A will can only be said to be legally valid and enforceable when the testator gives the confirmation regarding the same and ultimately approves it. For the same, the will requires the testator's signature and in addition to the same, it is fairly common for multiple witnesses to also sign the document. This is done to guarantee the will's veracity in court by validating it and ensuring that it satisfies all legal requirements. This step is essential for avoiding conflicts and guaranteeing the seamless fulfillment of the testator's ultimate desires.
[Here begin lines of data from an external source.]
lemma coshK3_line_continuous_on:
  assumes "0 < a" shows "continuous_on {a..b} coshK3_line"
proof (rule continuous_on_sequentiallyI)
  fix u :: "nat \<Rightarrow> real" and x
  assume u: "\<forall>n. u n \<in> {a..b}" and x: "x \<in> {a..b}" and lim: "u \<longlonglongrightarrow> x"
  have "(\<lambda>n. integral {0<..} (\<lambda>w. coshK 3 (sqrt ((u n)\<^sup>2 + w\<^sup>2))))
      \<longlonglongrightarrow> integral {0<..} (\<lambda>w. coshK 3 (sqrt (x\<^sup>2 + w\<^sup>2)))"
  proof (rule dominated_convergence(2))
    show "(\<lambda>w. coshK 3 (sqrt ((u n)\<^sup>2 + w\<^sup>2))) integrable_on {0<..}" for n
      using u assms by (intro coshK_sqrt_integrable) (meson atLeastAtMost_iff less_le_trans)
    show "(\<lambda>w::real. coshK 3 (a/2) * exp (- (1/2) * w)) integrable_on {0<..}"
      by (rule exp_minus_half_integrable_Ioi)
    show "norm (coshK 3 (sqrt ((u n)\<^sup>2 + w\<^sup>2))) \<le> coshK 3 (a/2) * exp (- (1/2) * w)"
      if "w \<in> {0<..}" for n w
      using coshK_sqrt_le[of a "u n" w] assms u that by auto
    show "(\<lambda>n. coshK 3 (sqrt ((u n)\<^sup>2 + w\<^sup>2))) \<longlonglongrightarrow> coshK 3 (sqrt (x\<^sup>2 + w\<^sup>2))" for w
    proof (rule isCont_tendsto_compose[OF DERIV_isCont[OF coshK_has_real_derivative]])
      show "0 < sqrt (x\<^sup>2 + w\<^sup>2)" using x assms by (simp add: add_pos_nonneg)
    qed (intro tendsto_intros lim)
  qed
  then show "(\<lambda>n. coshK3_line (u n)) \<longlonglongrightarrow> coshK3_line x" unfolding coshK3_line_def .
qed

lemma gfun_eq_coshK3_line: assumes "0 < s" shows "gfun s = s / (4 * pi) * coshK3_line s"
proof -
  have "integral {s<..} (\<lambda>r. (deriv ^^ 3) besselK0 r * r / sqrt (r\<^sup>2 - s\<^sup>2))
      = integral {s<..} (\<lambda>r. - (coshK 3 r * r / sqrt (r\<^sup>2 - s\<^sup>2)))"
    using assms by (intro integral_cong) (simp add: deriv_iter_besselK0)
  also have "\<dots> = - coshK3_line s"
    unfolding integral_neg coshK3_line_def using assms
    by (subst integral_Ioi_sqrt_substitution)
      (auto intro!: less_imp_le coshK_pos coshK_sqrt_integrable)
  finally show ?thesis unfolding gfun_def by simp
qed

lemma gfun_pos: "0 < s \<Longrightarrow> 0 < gfun s"
  by (simp add: gfun_eq_coshK3_line coshK3_line_pos)

lemma gfun_continuous_on:
  assumes "0 < a" shows "continuous_on {a..b} gfun"
proof (rule continuous_on_eq)
  show "continuous_on {a..b} (\<lambda>s. s / (4 * pi) * coshK3_line s)"
    by (intro continuous_intros coshK3_line_continuous_on assms) simp
qed (use assms in \<open>simp add: gfun_eq_coshK3_line\<close>)

section \<open>The series of -W(-x)/x\<close>

text \<open>y = -W(-x)/x solves y = e^(xy), hence y' = y^2 + x y y'; comparing coefficients of x^m
  gives this recursion.\<close>
fun lambert_coeff :: "nat \<Rightarrow> real" where
  "lambert_coeff 0 = 1"
| "lambert_coeff (Suc m) =
     (real m + 2) / (2 * (real m + 1)) * (\<Sum>i\<le>m. lambert_coeff i * lambert_coeff (m - i))"

lemma lambert_coeff_nonneg: "0 \<le> lambert_coeff n"
proof (induction n rule: less_induct)
  case (less n)
  show ?case
  proof (cases n)
    case (Suc m)
    have "0 \<le> (\<Sum>i\<le>m. lambert_coeff i * lambert_coeff (m - i))"
      using less Suc by (intro sum_nonneg mult_nonneg_nonneg) auto
    then show ?thesis using Suc by simp
  qed simp
qed

lemma lambert_coeff_Suc:
  "(real m + 1) * lambert_coeff (Suc m) = (real m + 2) / 2 * (\<Sum>i\<le>m. lambert_coeff i * lambert_coeff (m - i))"
  by (simp add: field_simps)

definition lambert_partial :: "nat \<Rightarrow> real \<Rightarrow> real" where
  "lambert_partial N x = (\<Sum>i<N. lambert_coeff i * x ^ i)"
theorem theorem6:
  fixes A :: "real^'n^'m" and x xk xstar :: "real^'n" and y :: "real^'m"
    and eps rho alpha w :: real and k :: nat and T :: "'n set"
  assumes mn: "CARD('m) < CARD('n)"
    and unit_cols: "\<forall>i. norm (column i A) = 1"
    and noise: "norm (y - A *v x) \<le> eps"
    and kpos: "k > 0"
    and best: "best_k_term x k xk"
    and rho_nonneg: "rho \<ge> 0"
    and alpha_range: "0 \<le> alpha" "alpha \<le> 1"
    and cardT: "real (card T) = rho * real k"
    and cardTT0: "real (card (T \<inter> supp_vec xk)) = alpha * rho * real k"
    and w_range: "0 \<le> w" "w \<le> 1"
    and xstar_feas: "norm (y - A *v xstar) \<le> eps"
    and xstar_min: "\<forall>z. norm (y - A *v z) \<le> eps \<longrightarrow> wl1norm w T xstar \<le> wl1norm w T z"
    and kbound:
      "rho = 0 \<or>
       (if w > 0 then
          real k < ((1 / (2 * sqrt rho * (2 * w * sqrt alpha + 1))) *
                    (w + sqrt (w\<^sup>2 + 4 * (2 * w * sqrt alpha + 1) *
                                  (1 + 1 / mutual_coherence A))))\<^sup>2
        else real k < (1 / rho) * (1 + 1 / mutual_coherence A))"
  shows
    "let \<mu> = mutual_coherence A;
         T0 = supp_vec xk;
         D = 1 + \<mu> + w * \<mu> * sqrt (rho * k) - \<mu> * rho * k * (2 * w * sqrt alpha + 1);
         C0 = 2 * sqrt (1 + (rho * k - 1) * \<mu>) / D;
         C1 = 2 * \<mu> * sqrt (rho * k) / D
     in norm (restrict_vec xstar T - restrict_vec x T)
        \<le> C0 * eps + C1 * (w * l1norm (x - xk)
                            + (1 - w) * l1norm (restrict_vec x (- T \<inter> - T0))
                            + l1norm (restrict_vec x (- T \<inter> T0)))"
proof -
  define \<mu> where "\<mu> = mutual_coherence A"
  define T0 where "T0 = supp_vec xk"
  define P where "P = w * l1norm (x - xk) + (1 - w) * l1norm (restrict_vec x (- T \<inter> - T0))
                        + l1norm (restrict_vec x (- T \<inter> T0))"
  have "0 < CARD('m)"
    by (simp add: finite_UNIV_card_ge_0)
  with mn have "1 < CARD('n)"
    by linarith
  then have \<mu>: "0 \<le> \<mu>" "\<mu> \<le> 1"
    unfolding \<mu>_def by (rule mutual_coherence_nonneg mutual_coherence_le_1)+
  have coh: "\<bar>column i A \<bullet> column j A\<bar> \<le> \<mu>" if "i \<noteq> j" for i j
    using abs_inner_column_le_mutual_coherence[OF that, of A] unit_cols by (simp add: \<mu>_def)
  have tube: "norm (A *v (xstar - x)) \<le> 2 * eps"
    using norm_triangle_ineq4[of "y - A *v x" "y - A *v xstar"] noise xstar_feas
    by (simp add: matrix_vector_mult_diff_distrib)
  obtain S where "xk = restrict_vec x S"
    using best unfolding best_k_term_def by blast
  then have cone: "l1norm (xstar - x) \<le> (1 - w) * l1norm (restrict_vec (xstar - x) T)
      + 2 * w * l1norm (restrict_vec (xstar - x) (T \<inter> T0)) + 2 * P"
    using l1norm_le_of_wl1norm_le[OF w_range, of T x "xstar - x" T0] xstar_min noise
    by (simp add: P_def T0_def l1norm_tail_restrict_vec_eq)
  have "0 \<le> P"
    using w_range by (simp add: P_def l1norm_def sum_nonneg)
  have "0 < 1 + \<mu> + w * \<mu> * sqrt (card T) - \<mu> * card T * (2 * w * sqrt alpha + 1)"
    using denominator_pos_of_sparsity_bound[OF \<mu>(1) rho_nonneg alpha_range(1) w_range(1)
        kbound[folded \<mu>_def]]
    by (simp add: cardT)
  from norm_restrict_vec_error_le[OF unit_cols[rule_format] coh \<mu> w_range alpha_range(1) _ tube cone
      \<open>0 \<le> P\<close> this]
  have "norm (restrict_vec (xstar - x) T)
      \<le> (sqrt (1 + (rho * k - 1) * \<mu>) * (2 * eps) + 2 * \<mu> * sqrt (rho * k) * P)
          / (1 + \<mu> + w * \<mu> * sqrt (rho * k) - \<mu> * (rho * k) * (2 * w * sqrt alpha + 1))"
    using cardTT0 cardT by (simp add: T0_def)
  moreover have "restrict_vec xstar T - restrict_vec x T = restrict_vec (xstar - x) T"
    by (simp add: vec_eq_iff)
  ultimately show ?thesis
    by (simp add: Let_def \<mu>_def T0_def P_def add_divide_distrib mult_ac)
qed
By thoroughly examining and incorporating these factors, the testator can craft a precise and legally valid document that successfully communicates their ultimate desires and reduces the likelihood of any confusion or disagreements among beneficiaries. This comprehensive method guarantees that the testator's wishes are respected, offering reassurance and protection for their family members.

Preliminary Considerations

In order to avoid any potential confusion among the persons or family members, the testator must precisely define and explain all sorts of property while creating a will when it comes to the specifics of the estate or inheritance. A detailed description of any immovable property, such as homes, businesses, or residential sites, together with all of their addresses and any other relevant identifying information, must be provided. 
These sorts of information and understanding are crucial in ensuring that the inheritance or estate being passed on is fully recognized and the testator's desires are well known by the recipients. Moreover, this also diminishes the probability of any potential ambiguity among the people or family members.
Furthermore, there is a need to give a detailed and accurate report of the testator's movable property too. Such moveable property includes things like jewels, cars, furniture, artwork, and other similar personal possessions. Also, it's critical to give precise information on movable assets like cash, stocks, and other investments.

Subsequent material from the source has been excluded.